Lamento si me extendí demasiado en el tiempo entre los post, pero se me esta haciendo complicado poner en palabras el hilo de la historia. Eso y la facultad que me chupa la vida -.-u

San-Han: Tenes razón, es un para mi, es un idiota incomprendido, a pesar que lo deteste todo el anime. Y en el otro punto, no confirmaron nada, pero en unas escenas extras que encontré aumentaron mis sospechas e hicieron que me plantee este fic jajaja.

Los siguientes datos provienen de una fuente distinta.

(* For the tree $\widetilde T$ constructed below there is a constant $C>0$ such that $|\widetilde T_n|\le 3^{C\sqrt n}$ for all $n\ge1$.
   Context: For a rooted tree, $T_n$ denotes the set of edges $e=(e^-,e^+)$ with $e^+$ at distance $n$ from the root. To a nonempty set $E\subset\{0,1,2\}^{\mathbb N}$ associate the rooted tree $\Phi(E)$ whose vertices are all finite words (including the empty word, the root) that are prefixes of some element of $E$, with edges between each such word $w$ and each such word $wj$, $j\in\{0,1,2\}$. The shift is $\mathcal S(a_1,a_2,\dots)=(a_2,a_3,\dots)$. The labelled $1$-$3$ tree $T_{1,3}$: vertices are finite words over $\{0,1,2\}$; the root $\emptyset$ has children $0,1$; a vertex $w$ with $k$ children has children $w0,\dots,w(k-1)$; for each $n\ge1$, ordering the $2^n$ level-$n$ vertices lexicographically, the first $2^{n-1}$ have one child and the last $2^{n-1}$ have three children. Let $R$ be the set of sequences all of whose prefixes are vertices of $T_{1,3}$, $E_0$ the set of sequences $(a_1,a_2,0,a_3,0,0,a_4,0,0,0,a_5,\dots)$ (each $a_k$ followed by $k-1$ zeros) for $(a_k)\in R$, $E_j=\mathcal S(E_{j-1})$, $\widetilde E=\bigcup_{j\ge0}E_j$, and $\widetilde T=\Phi(\widetilde E)$. *)

theory Defs
  imports Complex_Main
begin

(* Finite words over {0,1,2} are nat lists; infinite sequences are nat => nat,
   indexed from 0 (so a_1 is s 0). *)

definition lex_less :: "nat list \<Rightarrow> nat list \<Rightarrow> bool" where
  "lex_less v w \<longleftrightarrow> (v, w) \<in> lexord {(a, b). a < b}"

definition nchildren13 :: "nat \<Rightarrow> nat list set \<Rightarrow> nat list \<Rightarrow> nat" where
  "nchildren13 n V w = (if card {v \<in> V. lex_less v w} < 2 ^ (n - 1) then 1 else 3)"
lemma borel_measurable_beta_density [measurable]: "beta_density a b \<in> borel_measurable borel"
  unfolding beta_density_def by measurable

lemma sets_beta_measure [measurable_cong]: "sets (beta_measure a b) = sets borel"
  by (simp add: beta_measure_def)

lemma space_beta_measure: "space (beta_measure a b) = UNIV"
  by (simp add: beta_measure_def)

lemma AE_beta_measure_unit_interval: "AE x in beta_measure a b. 0 \<le> x \<and> x \<le> 1"
  unfolding beta_measure_def
  by (subst AE_density) (auto intro!: AE_I2 simp: beta_density_def)

lemma has_bochner_integral_beta_measure:
  assumes a: "0 < a" and b: "0 < b" and [measurable]: "h \<in> borel_measurable borel"
    and nonneg: "\<And>x. x \<in> {0..1} \<Longrightarrow> 0 \<le> h x"
    and I: "((\<lambda>x. h x * beta_kernel a b x) has_integral I) {0..1}"
  shows "has_bochner_integral (beta_measure a b) h (I / Beta a b)"
proof -
  have [measurable]: "beta_kernel a b \<in> borel_measurable borel"
    unfolding beta_kernel_def[abs_def] by measurable
  have nonneg': "\<And>x. x \<in> {0..1} \<Longrightarrow> 0 \<le> h x * beta_kernel a b x"
    using nonneg by (simp add: beta_kernel_nonneg)
  have "has_bochner_integral lborel (\<lambda>x. indicator {0..1} x * (h x * beta_kernel a b x)) I"
    using nn_integral_has_integral_lebesgue[OF nonneg' I] has_integral_nonneg[OF I nonneg'] nonneg'
    by (intro has_bochner_integral_nn_integral) (auto simp: indicator_def)
  then have "has_bochner_integral lborel (\<lambda>x. indicator {0..1} x * (h x * beta_kernel a b x) / Beta a b)
      (I / Beta a b)"
    by (rule has_bochner_integral_divide_zero)
  moreover have "beta_density a b x *\<^sub>R h x = indicator {0..1} x * (h x * beta_kernel a b x) / Beta a b" for x
    by (simp add: beta_density_eq)
  ultimately have "has_bochner_integral lborel (\<lambda>x. beta_density a b x *\<^sub>R h x) (I / Beta a b)"
    by simp
  then show ?thesis
    unfolding beta_measure_def
    by (rule has_bochner_integral_density[rotated 3])
       (use Beta_real_pos[OF a b] in \<open>auto simp: beta_density_eq beta_kernel_nonneg\<close>)
qed

lemma prob_space_beta_measure:
  assumes a: "0 < a" and b: "0 < b"
  shows "prob_space (beta_measure a b)"
proof
  have "emeasure (beta_measure a b) UNIV = (\<integral>\<^sup>+ x. ennreal (beta_density a b x) \<partial>lborel)"
    unfolding beta_measure_def by (subst emeasure_density) auto
  also have "\<dots> = (\<integral>\<^sup>+ x. ennreal (beta_kernel a b x / Beta a b) * indicator {0..1} x \<partial>lborel)"
    by (intro nn_integral_cong) (auto simp: beta_density_eq indicator_def)
  also have "\<dots> = ennreal (Beta a b / Beta a b)"
    using has_integral_divide[OF has_integral_beta_kernel[OF a b], of "Beta a b"] Beta_real_pos[OF a b]
    by (intro nn_integral_has_integral_lebesgue') (auto simp: beta_kernel_nonneg)
  finally show "emeasure (beta_measure a b) (space (beta_measure a b)) = 1"
    using Beta_real_pos[OF a b] by (simp add: space_beta_measure)
qed
lemma corner_comp_nonzero:
  assumes L: "lin_map m r \<chi>" and "r \<le> n" and "\<chi> \<noteq> (\<lambda>A. 0\<^sub>m r r)"
  shows "corner r n \<circ> \<chi> \<noteq> (\<lambda>A. 0\<^sub>m n n)"
proof
  assume "corner r n \<circ> \<chi> = (\<lambda>A. 0\<^sub>m n n)"
  then have "\<chi> = topleft_map m r (\<lambda>A. 0\<^sub>m n n)"
    using topleft_map_corner_comp[OF L \<open>r \<le> n\<close>] by simp
  also have "\<dots> = (\<lambda>A. 0\<^sub>m r r)"
    using \<open>r \<le> n\<close> by (auto simp: topleft_map_def)
  finally show False
    using \<open>\<chi> \<noteq> (\<lambda>A. 0\<^sub>m r r)\<close> by contradiction
qed

lemma real_lin_functional_add:
  "real_lin_functional m n f \<Longrightarrow> real_lin_functional m n g \<Longrightarrow>
    real_lin_functional m n (\<lambda>\<psi>. f \<psi> + g \<psi>)"
  by (simp add: real_lin_functional_def algebra_simps)

lemma real_lin_functional_topleft_map:
  assumes f: "real_lin_functional m r f" and "r \<le> n"
  shows "real_lin_functional m n (\<lambda>\<psi>. f (topleft_map m r \<psi>))"
  unfolding real_lin_functional_def
proof (intro ballI allI)
  fix \<phi> \<psi> a b
  assume "\<phi> \<in> HP m n" "\<psi> \<in> HP m n"
  then show "f (topleft_map m r (map_comb a \<phi> b \<psi>)) = a * f (topleft_map m r \<phi>) + b * f (topleft_map m r \<psi>)"
    using f topleft_map_HP[OF _ \<open>r \<le> n\<close>] topleft_map_map_comb[OF _ _ \<open>r \<le> n\<close>]
    by (simp add: real_lin_functional_def HP_def)
qed

definition lower_weight :: "nat \<Rightarrow> nat \<Rightarrow> nat \<Rightarrow> (complex mat \<Rightarrow> complex mat) \<Rightarrow> real" where
  "lower_weight m r n \<psi> =
     (\<Sum>k<m. \<Sum>l<m. \<Sum>t\<in>{1, -1, \<i>, -\<i>}. \<Sum>i\<in>{r..<n}. Re (\<psi> (polar_mat m k l t) $$ (i,i)))"

lemma real_lin_functional_lower_weight: "real_lin_functional m n (lower_weight m r n)"
  unfolding real_lin_functional_def
proof (intro ballI allI)
  fix \<phi> \<psi> a b
  assume "\<phi> \<in> HP m n" "\<psi> \<in> HP m n"
  then have car: "\<phi> A \<in> carrier_mat n n" "\<psi> A \<in> carrier_mat n n" for A
    by (auto simp: HP_def lin_map_carrier)
  have "Re (map_comb a \<phi> b \<psi> A $$ (i,i)) = a * Re (\<phi> A $$ (i,i)) + b * Re (\<psi> A $$ (i,i))"
    if "i \<in> {r..<n}" for A i
    using that carrier_matD[OF car(1)] carrier_matD[OF car(2)] by (simp add: map_comb_def)
  then show "lower_weight m r n (map_comb a \<phi> b \<psi>) = a * lower_weight m r n \<phi> + b * lower_weight m r n \<psi>"
    unfolding lower_weight_def by (simp add: sum.distrib sum_distrib_left)
qed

Dussan : Gracias por tu corrección, trato de que no se me escapen los errores ortográficos antes de postear. Pero es bastante complicado, considerando que yo se lo que quiero decir entonces inconscientemente me los salteo. Voy a tratar de prestar mas atención.

Por otra parte, no te hagas drama, mi pareja favorita es precisamente ShizNat. Peero va a tomar su tiempo para que las cosas cambien. Me gusta mucho que las relaciones tarden en establecerse, no 30 capítulos pero tampoco me va a tomar 3.

Sin muchas mas vueltas les dejo la continuación.


Todo a su alrededor estaba oscuro, tanto que no era capaz de distinguir su propio cuerpo. Repentinamente un par de ojos rojos aparecieron de la nada, posando su total atención sobre ella. Escuchó un gruñido y el eco que hiso el sonido, fue acompañado por una terrible disminución de la temperatura.

Se despertó sobresaltada por sus propios gritos. En el momento de exasperación había tratado levantarse, pero le fue imposible. Ahora más tranquila, pudo notar que sus brazos eran sostenidos a sus costados por unas muñequearas. Alzó la ceja, el material no aprecia tan resistente como para sostenerla en el lugar.

Luego de unos cinco minutos de analizar el objeto en su muñeca sin tener algún éxito, se aventuró su mirada más allá de su propio ser. Tres de las paredes que la rodeaban estaban pintadas de color blanco inmaculado. La cuarta pared había sido remplazada por un ventanal que se encontraba con las persianas a medio abrir. Atreves de la ranura solo se podía ver oscuridad, lo que implicaba que era de noche.

A pesar de la poca luz que había en el lugar, pudo distinguir otras cosas. Un sillón a unos metros de la cama y un escritorio con su respectiva silla junto a él. Sobre la mesa que estaba a su derecha había ampollas, algodón, alcohol y jeringas sin utilizar. Podía distinguir el sonido rítmico de un artefacto, pero no era capaz de reconocerlo. Llegó a la conclusión que no había muerto y que se encontraba en una enfermería. Sin embargo, no consideraba que este cambio de situación la favoreciera. No la habían matado, pero si secuestrado. Suspiró, era un simple joven que estaba volviendo de una cita ¿Qué podían querer de ella?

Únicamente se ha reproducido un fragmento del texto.